Saved entries
*** Begin section ***
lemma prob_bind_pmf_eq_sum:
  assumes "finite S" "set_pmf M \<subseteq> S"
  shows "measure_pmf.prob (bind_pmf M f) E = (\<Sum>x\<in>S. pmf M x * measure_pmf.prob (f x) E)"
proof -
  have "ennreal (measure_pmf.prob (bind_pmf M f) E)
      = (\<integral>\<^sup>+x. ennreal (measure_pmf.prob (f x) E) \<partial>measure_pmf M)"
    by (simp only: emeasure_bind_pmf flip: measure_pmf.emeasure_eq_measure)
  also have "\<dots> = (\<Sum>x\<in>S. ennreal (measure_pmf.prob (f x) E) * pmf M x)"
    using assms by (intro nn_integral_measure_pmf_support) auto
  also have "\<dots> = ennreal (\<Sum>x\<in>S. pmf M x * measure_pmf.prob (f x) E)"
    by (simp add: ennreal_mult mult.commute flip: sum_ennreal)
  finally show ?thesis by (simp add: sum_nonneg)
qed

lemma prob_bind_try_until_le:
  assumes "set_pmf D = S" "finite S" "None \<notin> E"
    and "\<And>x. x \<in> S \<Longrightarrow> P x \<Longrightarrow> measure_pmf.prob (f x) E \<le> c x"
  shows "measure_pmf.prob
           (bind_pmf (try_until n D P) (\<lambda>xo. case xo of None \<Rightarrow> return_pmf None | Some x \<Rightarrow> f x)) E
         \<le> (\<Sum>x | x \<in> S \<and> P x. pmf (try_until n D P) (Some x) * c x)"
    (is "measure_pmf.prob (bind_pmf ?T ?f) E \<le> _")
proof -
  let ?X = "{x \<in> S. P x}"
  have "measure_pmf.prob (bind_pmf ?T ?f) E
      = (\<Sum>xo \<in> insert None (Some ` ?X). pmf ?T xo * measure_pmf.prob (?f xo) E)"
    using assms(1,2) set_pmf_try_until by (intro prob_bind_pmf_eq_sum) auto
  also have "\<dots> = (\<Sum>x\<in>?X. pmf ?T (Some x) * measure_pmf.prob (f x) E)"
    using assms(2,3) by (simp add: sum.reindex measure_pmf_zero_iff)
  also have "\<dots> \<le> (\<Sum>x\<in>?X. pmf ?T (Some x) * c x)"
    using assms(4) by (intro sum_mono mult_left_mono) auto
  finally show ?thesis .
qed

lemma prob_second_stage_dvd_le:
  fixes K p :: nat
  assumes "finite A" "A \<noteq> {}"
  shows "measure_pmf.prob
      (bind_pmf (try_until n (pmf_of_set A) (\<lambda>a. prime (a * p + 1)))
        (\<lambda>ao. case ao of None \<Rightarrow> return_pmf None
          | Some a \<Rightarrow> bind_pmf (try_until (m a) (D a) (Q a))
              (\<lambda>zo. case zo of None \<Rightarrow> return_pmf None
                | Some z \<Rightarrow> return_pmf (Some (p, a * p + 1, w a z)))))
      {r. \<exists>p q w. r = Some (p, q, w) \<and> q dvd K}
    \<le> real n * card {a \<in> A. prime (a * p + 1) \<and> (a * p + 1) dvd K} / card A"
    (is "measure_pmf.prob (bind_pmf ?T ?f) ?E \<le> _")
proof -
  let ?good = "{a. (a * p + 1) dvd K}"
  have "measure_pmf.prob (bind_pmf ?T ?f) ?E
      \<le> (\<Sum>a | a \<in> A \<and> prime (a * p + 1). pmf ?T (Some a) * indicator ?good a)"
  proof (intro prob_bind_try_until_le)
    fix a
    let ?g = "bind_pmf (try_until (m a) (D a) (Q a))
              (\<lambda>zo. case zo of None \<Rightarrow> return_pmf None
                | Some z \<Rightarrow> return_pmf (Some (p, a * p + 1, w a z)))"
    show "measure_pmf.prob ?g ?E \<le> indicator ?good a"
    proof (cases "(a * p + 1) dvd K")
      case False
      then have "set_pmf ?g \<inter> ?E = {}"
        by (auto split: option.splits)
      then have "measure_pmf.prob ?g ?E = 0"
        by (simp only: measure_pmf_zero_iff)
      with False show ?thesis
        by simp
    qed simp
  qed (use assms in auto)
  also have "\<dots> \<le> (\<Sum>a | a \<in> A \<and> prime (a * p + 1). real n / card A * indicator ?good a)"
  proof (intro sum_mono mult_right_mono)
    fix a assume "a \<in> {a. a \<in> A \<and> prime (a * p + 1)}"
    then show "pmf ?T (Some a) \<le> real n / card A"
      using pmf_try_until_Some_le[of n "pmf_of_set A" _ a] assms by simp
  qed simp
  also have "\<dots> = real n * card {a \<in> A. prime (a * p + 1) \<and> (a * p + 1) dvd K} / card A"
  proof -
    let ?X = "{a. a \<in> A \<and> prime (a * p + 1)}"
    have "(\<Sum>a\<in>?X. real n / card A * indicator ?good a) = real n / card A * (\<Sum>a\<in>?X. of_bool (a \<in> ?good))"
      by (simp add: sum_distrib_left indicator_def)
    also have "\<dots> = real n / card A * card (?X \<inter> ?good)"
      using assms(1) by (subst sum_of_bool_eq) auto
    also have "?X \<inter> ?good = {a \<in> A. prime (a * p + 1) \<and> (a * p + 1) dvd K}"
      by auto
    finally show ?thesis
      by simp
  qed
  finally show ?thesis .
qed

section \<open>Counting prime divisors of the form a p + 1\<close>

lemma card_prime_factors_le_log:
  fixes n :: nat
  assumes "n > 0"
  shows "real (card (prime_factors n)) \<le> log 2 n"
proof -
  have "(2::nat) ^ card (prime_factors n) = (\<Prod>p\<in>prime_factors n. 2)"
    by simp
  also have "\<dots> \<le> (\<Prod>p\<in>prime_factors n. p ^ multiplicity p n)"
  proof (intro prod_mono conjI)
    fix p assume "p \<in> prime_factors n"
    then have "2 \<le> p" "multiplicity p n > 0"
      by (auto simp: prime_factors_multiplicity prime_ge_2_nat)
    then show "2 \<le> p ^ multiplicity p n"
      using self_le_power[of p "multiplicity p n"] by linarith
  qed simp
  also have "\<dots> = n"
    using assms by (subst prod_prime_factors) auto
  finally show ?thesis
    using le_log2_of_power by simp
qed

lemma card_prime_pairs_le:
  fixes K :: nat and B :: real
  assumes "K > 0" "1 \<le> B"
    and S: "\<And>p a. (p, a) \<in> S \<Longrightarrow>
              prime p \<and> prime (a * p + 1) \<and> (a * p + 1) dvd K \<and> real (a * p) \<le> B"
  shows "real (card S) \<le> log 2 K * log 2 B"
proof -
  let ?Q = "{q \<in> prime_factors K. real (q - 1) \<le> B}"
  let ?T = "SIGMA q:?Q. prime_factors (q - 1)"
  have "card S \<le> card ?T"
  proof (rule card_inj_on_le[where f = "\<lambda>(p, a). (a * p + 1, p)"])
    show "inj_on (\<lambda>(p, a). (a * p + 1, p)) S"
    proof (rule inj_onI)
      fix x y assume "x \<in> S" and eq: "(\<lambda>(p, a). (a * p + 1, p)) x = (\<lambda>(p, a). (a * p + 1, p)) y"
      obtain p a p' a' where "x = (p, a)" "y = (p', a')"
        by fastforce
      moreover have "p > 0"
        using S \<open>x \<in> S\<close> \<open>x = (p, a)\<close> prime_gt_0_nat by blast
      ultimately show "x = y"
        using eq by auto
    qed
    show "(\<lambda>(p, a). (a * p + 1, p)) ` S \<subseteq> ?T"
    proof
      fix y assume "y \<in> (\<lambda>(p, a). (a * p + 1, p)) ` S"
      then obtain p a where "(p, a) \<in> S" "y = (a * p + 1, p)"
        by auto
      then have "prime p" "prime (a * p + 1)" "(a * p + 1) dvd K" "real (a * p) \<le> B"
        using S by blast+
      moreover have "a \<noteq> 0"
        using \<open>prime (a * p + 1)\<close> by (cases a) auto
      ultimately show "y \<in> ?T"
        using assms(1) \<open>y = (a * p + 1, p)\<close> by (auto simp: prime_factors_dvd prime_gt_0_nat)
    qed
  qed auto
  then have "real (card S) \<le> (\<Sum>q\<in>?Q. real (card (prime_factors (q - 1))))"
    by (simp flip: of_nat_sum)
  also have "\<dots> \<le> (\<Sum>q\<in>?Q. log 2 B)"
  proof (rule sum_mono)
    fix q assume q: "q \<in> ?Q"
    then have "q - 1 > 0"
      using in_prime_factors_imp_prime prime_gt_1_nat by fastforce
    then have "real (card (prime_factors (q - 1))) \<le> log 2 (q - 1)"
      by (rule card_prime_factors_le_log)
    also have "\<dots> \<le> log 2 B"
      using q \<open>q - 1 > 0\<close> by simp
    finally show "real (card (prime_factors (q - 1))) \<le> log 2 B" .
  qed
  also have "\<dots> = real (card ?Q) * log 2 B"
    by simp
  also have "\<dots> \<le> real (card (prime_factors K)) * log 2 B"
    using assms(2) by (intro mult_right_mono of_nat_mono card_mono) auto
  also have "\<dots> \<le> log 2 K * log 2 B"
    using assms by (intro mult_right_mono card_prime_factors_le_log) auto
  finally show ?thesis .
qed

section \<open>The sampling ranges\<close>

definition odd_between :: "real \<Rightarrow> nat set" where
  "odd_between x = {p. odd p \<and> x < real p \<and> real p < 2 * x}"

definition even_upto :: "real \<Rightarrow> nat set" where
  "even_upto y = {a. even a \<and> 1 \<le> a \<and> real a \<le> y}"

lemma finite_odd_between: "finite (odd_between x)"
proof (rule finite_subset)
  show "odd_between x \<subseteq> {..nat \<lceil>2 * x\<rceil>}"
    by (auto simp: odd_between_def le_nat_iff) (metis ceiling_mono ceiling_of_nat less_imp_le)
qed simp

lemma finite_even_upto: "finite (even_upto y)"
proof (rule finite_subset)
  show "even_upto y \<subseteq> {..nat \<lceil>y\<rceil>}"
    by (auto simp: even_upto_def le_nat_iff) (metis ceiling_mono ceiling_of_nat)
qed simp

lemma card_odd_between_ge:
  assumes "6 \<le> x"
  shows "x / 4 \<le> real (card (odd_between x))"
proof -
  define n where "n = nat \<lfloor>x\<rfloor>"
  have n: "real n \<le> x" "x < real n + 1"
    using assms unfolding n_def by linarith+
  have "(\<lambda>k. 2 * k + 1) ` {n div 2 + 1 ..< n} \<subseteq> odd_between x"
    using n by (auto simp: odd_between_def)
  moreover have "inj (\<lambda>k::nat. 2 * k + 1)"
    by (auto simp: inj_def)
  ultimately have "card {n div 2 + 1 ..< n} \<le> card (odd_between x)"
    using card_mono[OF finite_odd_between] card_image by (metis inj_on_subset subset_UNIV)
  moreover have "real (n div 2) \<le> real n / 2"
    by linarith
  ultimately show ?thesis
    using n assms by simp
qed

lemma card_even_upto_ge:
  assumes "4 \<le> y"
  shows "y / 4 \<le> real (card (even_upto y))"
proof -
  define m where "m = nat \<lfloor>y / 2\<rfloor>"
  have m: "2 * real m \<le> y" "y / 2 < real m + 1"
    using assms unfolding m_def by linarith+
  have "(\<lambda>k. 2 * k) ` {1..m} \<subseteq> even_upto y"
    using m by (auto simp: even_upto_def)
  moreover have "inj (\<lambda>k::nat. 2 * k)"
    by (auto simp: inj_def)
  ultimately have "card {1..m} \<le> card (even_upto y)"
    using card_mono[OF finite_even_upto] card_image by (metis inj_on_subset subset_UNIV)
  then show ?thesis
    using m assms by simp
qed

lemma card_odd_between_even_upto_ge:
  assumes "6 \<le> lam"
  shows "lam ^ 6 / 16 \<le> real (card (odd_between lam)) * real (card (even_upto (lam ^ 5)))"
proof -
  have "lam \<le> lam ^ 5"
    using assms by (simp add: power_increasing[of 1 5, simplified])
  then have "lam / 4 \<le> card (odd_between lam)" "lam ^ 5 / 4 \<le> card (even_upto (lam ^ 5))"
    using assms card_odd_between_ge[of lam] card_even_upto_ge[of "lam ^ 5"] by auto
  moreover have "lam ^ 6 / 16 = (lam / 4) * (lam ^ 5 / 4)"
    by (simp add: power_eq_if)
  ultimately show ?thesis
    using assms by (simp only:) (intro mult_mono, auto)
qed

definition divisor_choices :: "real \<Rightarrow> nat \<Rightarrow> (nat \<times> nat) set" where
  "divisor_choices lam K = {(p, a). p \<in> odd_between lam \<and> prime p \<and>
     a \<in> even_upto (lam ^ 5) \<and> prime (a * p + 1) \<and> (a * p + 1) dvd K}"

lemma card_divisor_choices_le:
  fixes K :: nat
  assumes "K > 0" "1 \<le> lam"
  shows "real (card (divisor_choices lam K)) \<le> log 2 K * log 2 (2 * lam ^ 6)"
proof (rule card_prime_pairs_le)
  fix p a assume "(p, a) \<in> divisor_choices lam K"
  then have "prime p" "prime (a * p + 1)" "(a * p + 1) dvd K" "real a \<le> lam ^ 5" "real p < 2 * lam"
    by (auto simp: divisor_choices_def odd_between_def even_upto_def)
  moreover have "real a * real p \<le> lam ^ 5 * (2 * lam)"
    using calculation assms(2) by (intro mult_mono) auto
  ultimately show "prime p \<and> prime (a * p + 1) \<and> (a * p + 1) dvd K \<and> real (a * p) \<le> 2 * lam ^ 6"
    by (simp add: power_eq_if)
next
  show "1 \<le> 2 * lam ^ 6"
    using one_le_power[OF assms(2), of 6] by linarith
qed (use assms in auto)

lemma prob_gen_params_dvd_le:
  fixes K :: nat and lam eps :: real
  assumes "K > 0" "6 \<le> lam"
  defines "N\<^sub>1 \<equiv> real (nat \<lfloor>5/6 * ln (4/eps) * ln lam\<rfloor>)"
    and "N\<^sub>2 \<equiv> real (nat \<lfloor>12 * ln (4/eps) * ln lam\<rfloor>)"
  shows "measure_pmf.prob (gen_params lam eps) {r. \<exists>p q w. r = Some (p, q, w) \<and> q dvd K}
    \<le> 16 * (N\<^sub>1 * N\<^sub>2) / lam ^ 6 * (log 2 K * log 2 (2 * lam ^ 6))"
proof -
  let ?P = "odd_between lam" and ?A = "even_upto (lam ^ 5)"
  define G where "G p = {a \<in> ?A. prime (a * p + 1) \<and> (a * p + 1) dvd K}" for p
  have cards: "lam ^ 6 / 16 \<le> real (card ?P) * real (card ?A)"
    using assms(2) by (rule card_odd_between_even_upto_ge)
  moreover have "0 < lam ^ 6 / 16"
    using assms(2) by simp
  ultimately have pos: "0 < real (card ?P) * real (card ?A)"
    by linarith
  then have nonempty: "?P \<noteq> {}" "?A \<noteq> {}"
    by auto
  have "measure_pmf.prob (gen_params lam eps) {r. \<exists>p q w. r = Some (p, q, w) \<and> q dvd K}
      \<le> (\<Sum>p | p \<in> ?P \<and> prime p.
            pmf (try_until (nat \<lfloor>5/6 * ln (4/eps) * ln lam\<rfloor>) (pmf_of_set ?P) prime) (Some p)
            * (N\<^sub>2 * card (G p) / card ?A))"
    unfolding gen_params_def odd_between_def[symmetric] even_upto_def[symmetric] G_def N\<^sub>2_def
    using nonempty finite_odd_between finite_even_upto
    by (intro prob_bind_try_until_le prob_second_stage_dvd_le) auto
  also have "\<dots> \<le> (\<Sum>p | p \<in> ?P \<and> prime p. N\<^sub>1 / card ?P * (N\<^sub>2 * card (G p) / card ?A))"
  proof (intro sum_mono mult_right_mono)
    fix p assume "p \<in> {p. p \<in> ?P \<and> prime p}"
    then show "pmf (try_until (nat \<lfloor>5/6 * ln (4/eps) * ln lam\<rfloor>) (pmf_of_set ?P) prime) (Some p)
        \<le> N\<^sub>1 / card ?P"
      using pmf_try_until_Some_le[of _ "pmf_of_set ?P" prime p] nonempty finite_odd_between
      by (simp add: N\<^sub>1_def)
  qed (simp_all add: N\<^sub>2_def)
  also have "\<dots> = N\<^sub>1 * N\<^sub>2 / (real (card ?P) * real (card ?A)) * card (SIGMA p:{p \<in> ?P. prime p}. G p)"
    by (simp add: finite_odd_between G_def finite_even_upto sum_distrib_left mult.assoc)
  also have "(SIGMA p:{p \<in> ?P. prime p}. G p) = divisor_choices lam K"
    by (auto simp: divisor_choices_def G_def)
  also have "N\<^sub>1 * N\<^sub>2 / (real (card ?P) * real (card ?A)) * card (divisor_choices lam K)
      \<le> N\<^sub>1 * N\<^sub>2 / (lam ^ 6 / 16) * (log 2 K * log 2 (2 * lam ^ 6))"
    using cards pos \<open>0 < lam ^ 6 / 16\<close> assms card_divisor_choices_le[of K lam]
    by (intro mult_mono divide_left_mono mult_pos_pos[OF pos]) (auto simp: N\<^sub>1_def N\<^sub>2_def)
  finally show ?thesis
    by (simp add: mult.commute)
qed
*** End section ***
*** Begin section ***
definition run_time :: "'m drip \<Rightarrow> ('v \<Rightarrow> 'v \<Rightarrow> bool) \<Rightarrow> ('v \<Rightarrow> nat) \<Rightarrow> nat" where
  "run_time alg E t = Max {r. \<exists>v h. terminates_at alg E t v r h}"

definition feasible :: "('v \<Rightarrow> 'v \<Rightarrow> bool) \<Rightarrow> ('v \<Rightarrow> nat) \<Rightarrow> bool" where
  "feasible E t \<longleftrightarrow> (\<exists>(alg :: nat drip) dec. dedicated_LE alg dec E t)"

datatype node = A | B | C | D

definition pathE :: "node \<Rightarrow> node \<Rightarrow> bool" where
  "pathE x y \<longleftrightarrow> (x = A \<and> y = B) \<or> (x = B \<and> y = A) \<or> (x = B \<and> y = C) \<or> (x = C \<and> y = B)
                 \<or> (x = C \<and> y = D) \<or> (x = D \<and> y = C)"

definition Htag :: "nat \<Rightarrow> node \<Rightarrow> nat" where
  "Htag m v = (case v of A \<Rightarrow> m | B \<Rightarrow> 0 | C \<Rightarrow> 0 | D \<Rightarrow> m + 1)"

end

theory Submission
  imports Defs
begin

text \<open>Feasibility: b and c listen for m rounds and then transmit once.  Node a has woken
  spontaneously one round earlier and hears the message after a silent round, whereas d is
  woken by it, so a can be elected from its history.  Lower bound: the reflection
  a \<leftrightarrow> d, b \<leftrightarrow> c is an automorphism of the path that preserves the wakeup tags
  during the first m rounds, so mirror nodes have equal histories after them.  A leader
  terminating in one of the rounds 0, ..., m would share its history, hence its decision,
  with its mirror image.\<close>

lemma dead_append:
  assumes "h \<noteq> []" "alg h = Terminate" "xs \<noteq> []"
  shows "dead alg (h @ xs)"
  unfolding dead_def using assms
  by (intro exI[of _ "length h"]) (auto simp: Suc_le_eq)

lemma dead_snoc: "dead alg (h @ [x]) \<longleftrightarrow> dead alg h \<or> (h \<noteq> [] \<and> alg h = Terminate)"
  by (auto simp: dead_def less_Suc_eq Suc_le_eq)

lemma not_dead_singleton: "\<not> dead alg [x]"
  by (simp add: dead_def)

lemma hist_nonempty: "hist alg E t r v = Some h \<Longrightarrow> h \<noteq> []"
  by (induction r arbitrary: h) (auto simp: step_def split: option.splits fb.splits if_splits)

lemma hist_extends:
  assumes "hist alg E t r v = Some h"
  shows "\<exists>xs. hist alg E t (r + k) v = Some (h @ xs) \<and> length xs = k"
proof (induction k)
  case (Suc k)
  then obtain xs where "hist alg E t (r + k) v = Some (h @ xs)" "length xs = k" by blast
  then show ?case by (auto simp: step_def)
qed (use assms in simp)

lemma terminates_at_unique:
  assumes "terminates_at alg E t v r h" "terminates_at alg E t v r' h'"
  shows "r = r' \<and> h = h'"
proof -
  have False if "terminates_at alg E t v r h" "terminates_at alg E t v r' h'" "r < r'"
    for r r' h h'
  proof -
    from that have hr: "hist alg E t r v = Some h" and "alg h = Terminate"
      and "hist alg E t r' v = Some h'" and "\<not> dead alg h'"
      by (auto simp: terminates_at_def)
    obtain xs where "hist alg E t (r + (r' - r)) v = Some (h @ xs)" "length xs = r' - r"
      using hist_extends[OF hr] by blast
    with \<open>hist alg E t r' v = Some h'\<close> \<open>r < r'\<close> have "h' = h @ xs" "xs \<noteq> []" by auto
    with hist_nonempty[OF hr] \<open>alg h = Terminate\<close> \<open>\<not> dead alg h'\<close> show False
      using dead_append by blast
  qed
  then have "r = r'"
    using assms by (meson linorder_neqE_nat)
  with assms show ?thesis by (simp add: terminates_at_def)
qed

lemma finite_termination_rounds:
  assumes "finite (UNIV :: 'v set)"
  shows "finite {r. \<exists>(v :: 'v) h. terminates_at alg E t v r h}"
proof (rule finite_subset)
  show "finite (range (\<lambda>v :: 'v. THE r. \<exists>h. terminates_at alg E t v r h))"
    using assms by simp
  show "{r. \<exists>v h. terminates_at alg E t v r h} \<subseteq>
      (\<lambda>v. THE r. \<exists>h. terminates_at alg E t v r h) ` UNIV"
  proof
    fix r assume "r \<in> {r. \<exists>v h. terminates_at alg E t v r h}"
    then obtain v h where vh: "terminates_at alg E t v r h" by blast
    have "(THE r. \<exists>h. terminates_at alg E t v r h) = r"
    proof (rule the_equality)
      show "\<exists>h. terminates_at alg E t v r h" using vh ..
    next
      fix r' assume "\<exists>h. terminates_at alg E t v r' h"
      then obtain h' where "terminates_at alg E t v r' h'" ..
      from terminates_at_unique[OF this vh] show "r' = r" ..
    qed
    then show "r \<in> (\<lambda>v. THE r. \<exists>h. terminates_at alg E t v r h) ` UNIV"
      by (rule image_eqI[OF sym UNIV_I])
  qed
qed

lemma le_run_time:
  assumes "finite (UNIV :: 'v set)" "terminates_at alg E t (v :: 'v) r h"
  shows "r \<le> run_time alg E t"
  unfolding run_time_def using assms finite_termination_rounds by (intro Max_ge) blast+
*** End section ***
*** Begin section ***
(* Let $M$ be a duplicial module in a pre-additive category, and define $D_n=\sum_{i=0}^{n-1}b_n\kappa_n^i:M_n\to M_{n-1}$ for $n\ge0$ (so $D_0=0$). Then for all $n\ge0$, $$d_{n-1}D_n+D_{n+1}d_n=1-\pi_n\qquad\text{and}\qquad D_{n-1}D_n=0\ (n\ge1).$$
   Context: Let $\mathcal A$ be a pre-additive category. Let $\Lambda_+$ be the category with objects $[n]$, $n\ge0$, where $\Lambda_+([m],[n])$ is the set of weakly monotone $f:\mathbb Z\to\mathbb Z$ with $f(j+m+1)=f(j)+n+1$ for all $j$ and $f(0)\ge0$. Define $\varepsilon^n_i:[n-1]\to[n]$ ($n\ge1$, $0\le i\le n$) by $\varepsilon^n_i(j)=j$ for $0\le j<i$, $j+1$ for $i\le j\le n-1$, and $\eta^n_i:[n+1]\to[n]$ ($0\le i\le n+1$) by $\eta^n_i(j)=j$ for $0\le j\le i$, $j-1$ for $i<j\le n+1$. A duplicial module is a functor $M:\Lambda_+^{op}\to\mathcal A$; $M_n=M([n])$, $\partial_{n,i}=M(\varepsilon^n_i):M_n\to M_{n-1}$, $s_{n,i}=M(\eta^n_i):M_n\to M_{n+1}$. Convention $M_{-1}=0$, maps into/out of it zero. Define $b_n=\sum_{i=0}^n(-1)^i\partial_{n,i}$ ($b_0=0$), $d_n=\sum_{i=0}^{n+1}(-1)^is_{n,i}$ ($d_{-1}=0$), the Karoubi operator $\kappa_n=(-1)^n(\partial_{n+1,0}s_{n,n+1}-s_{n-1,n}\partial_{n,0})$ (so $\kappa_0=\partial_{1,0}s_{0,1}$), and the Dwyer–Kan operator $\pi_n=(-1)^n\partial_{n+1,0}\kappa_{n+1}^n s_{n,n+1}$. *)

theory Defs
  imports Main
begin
*** End section ***
- _PROBLEM STATEMENT_: Retype the portion of the data above that starts on the line with "(bind_pmf (try_until n (pmf_of_set" and finishes on the line with "a) * indicator", including both of those lines.

- _YOUR RESPONSE_:
      (bind_pmf (try_until n (pmf_of_set A) (\<lambda>a. prime (a * p + 1)))
        (\<lambda>ao. case ao of None \<Rightarrow> return_pmf None
          | Some a \<Rightarrow> bind_pmf (try_until (m a) (D a) (Q a))
              (\<lambda>zo. case zo of None \<Rightarrow> return_pmf None
                | Some z \<Rightarrow> return_pmf (Some (p, a * p + 1, w a z)))))
      {r. \<exists>p q w. r = Some (p, q, w) \<and> q dvd K}
    \<le> real n * card {a \<in> A. prime (a * p + 1) \<and> (a * p + 1) dvd K} / card A"
    (is "measure_pmf.prob (bind_pmf ?T ?f) ?E \<le> _")
proof -
  let ?good = "{a. (a * p + 1) dvd K}"
  have "measure_pmf.prob (bind_pmf ?T ?f) ?E
      \<le> (\<Sum>a | a \<in> A \<and> prime (a * p + 1). pmf ?T (Some a) * indicator ?good a)"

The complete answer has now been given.